Objective: To assess whether vital sign measurements could identify internal medicine patients at risk for cardiopulmonary arrest.

Design: Retrospective case-control study comparing 72 hours of pre-arrest vital sign measurements with 72 hours of vital sign measurements for patients from the same units who did not experience cardiopulmonary arrest.

Setting: Twelve non — intensive care internal medicine units at a large midwestern academic medical center.

Patients: Cases included all 59 inpatients who had experienced cardiopulmonary arrest between May 1989 and December 1990; patients who were designated do-not-resuscitate (DNR) or had less than 72 hours of vital sign recordings were excluded. Controls included 91 inpatients without cardiopulmonary arrest who were matched for units and who had 72 hours of vital sign recordings.
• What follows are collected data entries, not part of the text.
(* Let $E=(L^0)^{\mathbb N}$ be the $L^0$-module of all sequences $(x_n)_{n\in\mathbb N}$ in $L^0$, and let $\mathscr P=\{p_k:k\in\mathbb N\}$ with $p_k((x_n))=|x_k|$. Let $E^*_0$ be the set of $L^0$-linear maps $f:E\to L^0$ which are continuous from $(E,\mathscr T_0(\mathscr P))$ to $(L^0,\mathscr T_0(\{|\cdot|\}))$. Then a map $f:E\to L^0$ belongs to $E^*_0$ if and only if there exist $m\in\mathbb N$ and $x_1,\dots,x_m\in L^0$ such that $f((y_n))=\sum_{n=1}^m x_ny_n$ for all $(y_n)\in E$.
   Context: $L^0$ is the ring of real-valued measurable functions on a probability space modulo a.e. equality, ordered a.e.; $L^0_{++}=\{r\in L^0:r>0\text{ a.e.}\}$. For a collection $\mathscr P$ of $L^0$-seminorms (maps $p:E\to L^0_+$ with $p(rx)=|r|p(x)$, $p(x+y)\le p(x)+p(y)$) on an $L^0$-module $E$, $\mathscr T_0(\mathscr P)$ is the topology generated by the base of sets $\{y\in E:\sup_{p\in N}p(x-y)<r\}$ with $x\in E$, $N\subset\mathscr P$ finite, $r\in L^0_{++}$. On $L^0$, $\mathscr T_0(\{|\cdot|\})$ is the topology with base $\{s\in L^0:|s-t|<r\}$, $t\in L^0$, $r\in L^0_{++}$. *)

theory Defs
  imports "HOL-Probability.Probability"
begin

text \<open>L0 is represented by (representatives) Borel measurable functions; equality in L0
  is almost-everywhere equality w.r.t. the probability measure M.\<close>

definition L0pp :: "'a measure \<Rightarrow> ('a \<Rightarrow> real) set" where
  "L0pp M = {r \<in> borel_measurable M. AE \<omega> in M. 0 < r \<omega>}"

definition Eseq :: "'a measure \<Rightarrow> (nat \<Rightarrow> 'a \<Rightarrow> real) set" where
  "Eseq M = {x. \<forall>n. x n \<in> borel_measurable M}"

text \<open>The supremum of finitely many nonnegative functions is the pointwise maximum
  (with 0 for N empty); a strict inequality in L0 is read almost everywhere.\<close>
definition T0 :: "'a measure \<Rightarrow> 'e::minus set \<Rightarrow> ('e \<Rightarrow> 'a \<Rightarrow> real) set \<Rightarrow> 'e topology" where
  "T0 M C P = topology_generated_by
     {{y \<in> C. AE \<omega> in M. Max (insert 0 {p (x - y) \<omega> | p. p \<in> N}) < r \<omega>}
       | x N r. x \<in> C \<and> finite N \<and> N \<subseteq> P \<and> r \<in> L0pp M}"

definition Pseq :: "((nat \<Rightarrow> 'a \<Rightarrow> real) \<Rightarrow> 'a \<Rightarrow> real) set" where
  "Pseq = {(\<lambda>x \<omega>. \<bar>x k \<omega>\<bar>) | k. True}"

definition absL0 :: "('a \<Rightarrow> real) \<Rightarrow> 'a \<Rightarrow> real" where
  "absL0 s = (\<lambda>\<omega>. \<bar>s \<omega>\<bar>)"

definition L0linear :: "'a measure \<Rightarrow> ((nat \<Rightarrow> 'a \<Rightarrow> real) \<Rightarrow> 'a \<Rightarrow> real) \<Rightarrow> bool" where
  "L0linear M f \<longleftrightarrow>
     (\<forall>r \<in> borel_measurable M. \<forall>s \<in> borel_measurable M. \<forall>y \<in> Eseq M. \<forall>z \<in> Eseq M.
        AE \<omega> in M. f (\<lambda>n \<omega>'. r \<omega>' * y n \<omega>' + s \<omega>' * z n \<omega>') \<omega> = r \<omega> * f y \<omega> + s \<omega> * f z \<omega>)"

definition dual0 :: "'a measure \<Rightarrow> ((nat \<Rightarrow> 'a \<Rightarrow> real) \<Rightarrow> 'a \<Rightarrow> real) set" where
  "dual0 M = {f. L0linear M f \<and>
     continuous_map (T0 M (Eseq M) Pseq) (T0 M (borel_measurable M) {absL0}) f}"

end

theory Submission imports Defs begin

text \<open>A continuous L0-linear \<open>f\<close> maps some basic neighbourhood of 0, cut out by finitely many
  coordinates \<open>k < m\<close> and a radius \<open>r\<close>, into the unit ball around \<open>f 0 = 0\<close>. Every multiple
  \<open>j y\<close> of a sequence \<open>y\<close> vanishing below \<open>m\<close> lies in that neighbourhood, so
  \<open>j \<bar>f y\<bar> < 1\<close> a.e. for all \<open>j\<close>, which forces \<open>f y = 0\<close>; expanding an arbitrary \<open>y\<close> along the
  unit sequences then gives \<open>f y = (\<Sum>n<m. f e\<^sub>n * y\<^sub>n)\<close>. Conversely, a finite sum is L0-linear
  and continuous, because \<open>\<bar>\<Sum>n<m. x\<^sub>n * z\<^sub>n\<bar> < r (1 + \<Sum>n<m. \<bar>x\<^sub>n\<bar>)\<close> whenever all
  \<open>\<bar>z\<^sub>n\<bar> < r\<close>.\<close>

section \<open>The topology of a family of L0-seminorms\<close>

definition sup_seminorms :: "('e \<Rightarrow> 'a \<Rightarrow> real) set \<Rightarrow> 'e \<Rightarrow> 'a \<Rightarrow> real" where
  "sup_seminorms N v \<omega> = Max (insert 0 {p v \<omega> | p. p \<in> N})"

lemma sup_seminorms_less_iff:
  assumes "finite N"
  shows "sup_seminorms N v \<omega> < c \<longleftrightarrow> 0 < c \<and> (\<forall>p\<in>N. p v \<omega> < c)"
proof -
  have "{p v \<omega> | p. p \<in> N} = (\<lambda>p. p v \<omega>) ` N" by auto
  then show ?thesis unfolding sup_seminorms_def using assms by (simp add: Max_less_iff)
qed

lemma sup_seminorms_ge:
  assumes "finite N"
  shows "0 \<le> sup_seminorms N v \<omega>" and "p \<in> N \<Longrightarrow> p v \<omega> \<le> sup_seminorms N v \<omega>"
  unfolding sup_seminorms_def using assms by (auto intro!: Max_ge)

lemma borel_measurable_sup_seminorms:
  assumes "finite N" "\<forall>p\<in>N. p v \<in> borel_measurable M"
  shows "sup_seminorms N v \<in> borel_measurable M"
proof -
  have e: "\<And>\<omega>. insert 0 {p v \<omega> | p. p \<in> N} = (\<lambda>p. p v \<omega>) ` insert (\<lambda>_ _. 0) N"
    by auto
  show ?thesis unfolding sup_seminorms_def e
    by (rule borel_measurable_Max) (use assms in auto)
qed

lemma L0pp_const: "0 < c \<Longrightarrow> (\<lambda>_. c) \<in> L0pp M"
  unfolding L0pp_def by simp

lemma L0pp_min:
  assumes "r \<in> L0pp M" "s \<in> L0pp M"
  shows "(\<lambda>\<omega>. min (r \<omega>) (s \<omega>)) \<in> L0pp M"
proof -
  have "AE \<omega> in M. 0 < r \<omega>" "AE \<omega> in M. 0 < s \<omega>"
    using assms unfolding L0pp_def by simp_all
  then have "AE \<omega> in M. 0 < min (r \<omega>) (s \<omega>)" by eventually_elim simp
  with assms show ?thesis unfolding L0pp_def by (simp add: borel_measurable_min)
qed

lemma L0pp_divide:
  assumes "r \<in> L0pp M" "g \<in> borel_measurable M" "\<And>\<omega>. 0 < g \<omega>"
  shows "(\<lambda>\<omega>. r \<omega> / g \<omega>) \<in> L0pp M"
proof -
  have "AE \<omega> in M. 0 < r \<omega>" using assms(1) unfolding L0pp_def by simp
  then have "AE \<omega> in M. 0 < r \<omega> / g \<omega>" by eventually_elim (simp add: assms(3))
  with assms(1,2) show ?thesis unfolding L0pp_def by (simp add: borel_measurable_divide)
qed

definition T0_ball ::
    "'a measure \<Rightarrow> 'e::minus set \<Rightarrow> ('e \<Rightarrow> 'a \<Rightarrow> real) set \<Rightarrow> 'e \<Rightarrow> ('a \<Rightarrow> real) \<Rightarrow> 'e set" where
  "T0_ball M C N x r = {y \<in> C. AE \<omega> in M. sup_seminorms N (x - y) \<omega> < r \<omega>}"

lemma T0_eq_generated_by_balls:
  "T0 M C P = topology_generated_by
     {T0_ball M C N x r | x N r. x \<in> C \<and> finite N \<and> N \<subseteq> P \<and> r \<in> L0pp M}"
  unfolding T0_def T0_ball_def sup_seminorms_def by simp

lemma T0_ball_subset: "T0_ball M C N x r \<subseteq> C"
  unfolding T0_ball_def by blast

lemma T0_ball_antimono:
  assumes "finite N'" "N \<subseteq> N'"
  shows "T0_ball M C N' x r \<subseteq> T0_ball M C N x r"
proof
  fix y assume "y \<in> T0_ball M C N' x r"
  then have "y \<in> C" and y: "AE \<omega> in M. sup_seminorms N' (x - y) \<omega> < r \<omega>"
    unfolding T0_ball_def by simp_all
  have "finite N" using assms by (rule finite_subset[rotated])
  have "AE \<omega> in M. sup_seminorms N (x - y) \<omega> < r \<omega>"
    using y by eventually_elim (use assms \<open>finite N\<close> in \<open>auto simp: sup_seminorms_less_iff\<close>)
  with \<open>y \<in> C\<close> show "y \<in> T0_ball M C N x r" unfolding T0_ball_def by simp
qed

lemma openin_T0_ball:
  "x \<in> C \<Longrightarrow> finite N \<Longrightarrow> N \<subseteq> P \<Longrightarrow> r \<in> L0pp M \<Longrightarrow> openin (T0 M C P) (T0_ball M C N x r)"
  unfolding T0_eq_generated_by_balls by (rule topology_generated_by_Basis) blast

lemma topspace_T0: "topspace (T0 M C P) = C"
proof -
  let ?B = "{T0_ball M C N x r | x N r. x \<in> C \<and> finite N \<and> N \<subseteq> P \<and> r \<in> L0pp M}"
  have "\<Union>?B \<subseteq> C" by (rule Union_least) (auto simp: T0_ball_def)
  moreover have "C \<subseteq> \<Union>?B"
  proof
    fix x assume "x \<in> C"
    then have "x \<in> T0_ball M C {} x (\<lambda>_. 1)" by (simp add: T0_ball_def sup_seminorms_less_iff)
    moreover have "T0_ball M C {} x (\<lambda>_. 1) \<in> ?B"
      using \<open>x \<in> C\<close> L0pp_const[of 1 M] by (intro CollectI exI) auto
    ultimately show "x \<in> \<Union>?B" by (rule UnionI[rotated])
  qed
  ultimately show ?thesis
    unfolding T0_eq_generated_by_balls topology_generated_by_topspace by (rule subset_antisym)
qed

definition L0_seminorms :: "'a measure \<Rightarrow> 'e::minus set \<Rightarrow> ('e \<Rightarrow> 'a \<Rightarrow> real) set \<Rightarrow> bool" where
  "L0_seminorms M C P \<longleftrightarrow> (\<forall>p\<in>P.
     (\<forall>x \<omega>. p (x - x) \<omega> = 0) \<and>
     (\<forall>x y z \<omega>. p (x - z) \<omega> \<le> p (x - y) \<omega> + p (y - z) \<omega>) \<and>
     (\<forall>x\<in>C. \<forall>y\<in>C. p (x - y) \<in> borel_measurable M))"

lemma centre_in_T0_ball:
  assumes "L0_seminorms M C P" "finite N" "N \<subseteq> P" "r \<in> L0pp M" "x \<in> C"
  shows "x \<in> T0_ball M C N x r"
proof -
  have zero: "p (x - x) \<omega> = 0" if "p \<in> N" for p \<omega>
    using assms(1,3) that unfolding L0_seminorms_def by blast
  have "AE \<omega> in M. 0 < r \<omega>" using assms(4) unfolding L0pp_def by simp
  then have "AE \<omega> in M. sup_seminorms N (x - x) \<omega> < r \<omega>"
    by eventually_elim (simp add: assms(2) zero sup_seminorms_less_iff)
  with assms(5) show ?thesis unfolding T0_ball_def by simp
qed

lemma T0_ball_Un_min:
  assumes "finite N1" "finite N2"
  shows "T0_ball M C (N1 \<union> N2) x (\<lambda>\<omega>. min (r1 \<omega>) (r2 \<omega>))
           \<subseteq> T0_ball M C N1 x r1 \<inter> T0_ball M C N2 x r2"
proof
  fix y assume "y \<in> T0_ball M C (N1 \<union> N2) x (\<lambda>\<omega>. min (r1 \<omega>) (r2 \<omega>))"
  then have "y \<in> C" and y: "AE \<omega> in M. sup_seminorms (N1 \<union> N2) (x - y) \<omega> < min (r1 \<omega>) (r2 \<omega>)"
    unfolding T0_ball_def by simp_all
  have "AE \<omega> in M. sup_seminorms N1 (x - y) \<omega> < r1 \<omega>"
    using y by eventually_elim (use assms in \<open>simp add: sup_seminorms_less_iff\<close>)
  moreover have "AE \<omega> in M. sup_seminorms N2 (x - y) \<omega> < r2 \<omega>"
    using y by eventually_elim (use assms in \<open>simp add: sup_seminorms_less_iff\<close>)
  ultimately show "y \<in> T0_ball M C N1 x r1 \<inter> T0_ball M C N2 x r2"
    using \<open>y \<in> C\<close> unfolding T0_ball_def by simp
qed

lemma T0_ball_around_member:
  assumes "L0_seminorms M C P" "finite N" "N \<subseteq> P" "r \<in> L0pp M" "x \<in> C"
    and y: "y \<in> T0_ball M C N x r"
  defines "r' \<equiv> \<lambda>\<omega>. r \<omega> - sup_seminorms N (x - y) \<omega>"
  shows "r' \<in> L0pp M" and "T0_ball M C N y r' \<subseteq> T0_ball M C N x r"
proof -
  have yC: "y \<in> C" and xy: "AE \<omega> in M. sup_seminorms N (x - y) \<omega> < r \<omega>"
    using y unfolding T0_ball_def by simp_all
  have "sup_seminorms N (x - y) \<in> borel_measurable M"
    using assms(1-3,5) yC
    by (intro borel_measurable_sup_seminorms) (auto simp: L0_seminorms_def)
  moreover have "r \<in> borel_measurable M" using assms(4) unfolding L0pp_def by simp
  moreover have "AE \<omega> in M. 0 < r' \<omega>"
    using xy by eventually_elim (simp add: r'_def)
  ultimately show "r' \<in> L0pp M" unfolding L0pp_def r'_def by simp
  show "T0_ball M C N y r' \<subseteq> T0_ball M C N x r"
  proof
    fix z assume "z \<in> T0_ball M C N y r'"
    then have zC: "z \<in> C" and yz: "AE \<omega> in M. sup_seminorms N (y - z) \<omega> < r' \<omega>"
      unfolding T0_ball_def by simp_all
    have "AE \<omega> in M. sup_seminorms N (x - z) \<omega> < r \<omega>"
      using yz
    proof eventually_elim
      case (elim \<omega>)
      have "p (x - z) \<omega> < r \<omega>" if p: "p \<in> N" for p
      proof -
        have "p (x - z) \<omega> \<le> p (x - y) \<omega> + p (y - z) \<omega>"
          using assms(1,3) p unfolding L0_seminorms_def by blast
        moreover have "p (x - y) \<omega> \<le> sup_seminorms N (x - y) \<omega>"
          using sup_seminorms_ge(2)[OF assms(2) p] .
        moreover have "p (y - z) \<omega> < r' \<omega>"
          using elim p assms(2) by (simp add: sup_seminorms_less_iff)
        ultimately show ?thesis unfolding r'_def by linarith
      qed
      moreover have "0 < r \<omega>"
        using elim sup_seminorms_ge(1)[OF assms(2), of "x - y" \<omega>] assms(2)
        by (simp add: sup_seminorms_less_iff r'_def)
      ultimately show ?case using assms(2) by (simp add: sup_seminorms_less_iff)
    qed
    with zC show "z \<in> T0_ball M C N x r" unfolding T0_ball_def by simp
  qed
qed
Results: The occurrence of one or more respiratory rates >27 breaths per minute over a 72-hour period had a sensitivity of 0.5 4 and a specificity of 0.83 (odds ratio=5.56, 95% CL=2.67–11.49) in predicting cardiopulmonary arrest. Other respiratory rate thresholds were also predictive of arrest. The ability of respiratory rate to predict arrest was stronger in units with high incidences of arrest relative to units with low incidences, for example, in units for the management of gastrointestinal disease (sensitivity=1.00, specificity=0.86) and renal disease (sensitivity=0.69, specificity=0.87). Respiratory rate remained a significant predictor (p<0.001) after controlling for patient age and gender. Pulse rate and blood pressure were not predictive of cardiopulmonary arrest.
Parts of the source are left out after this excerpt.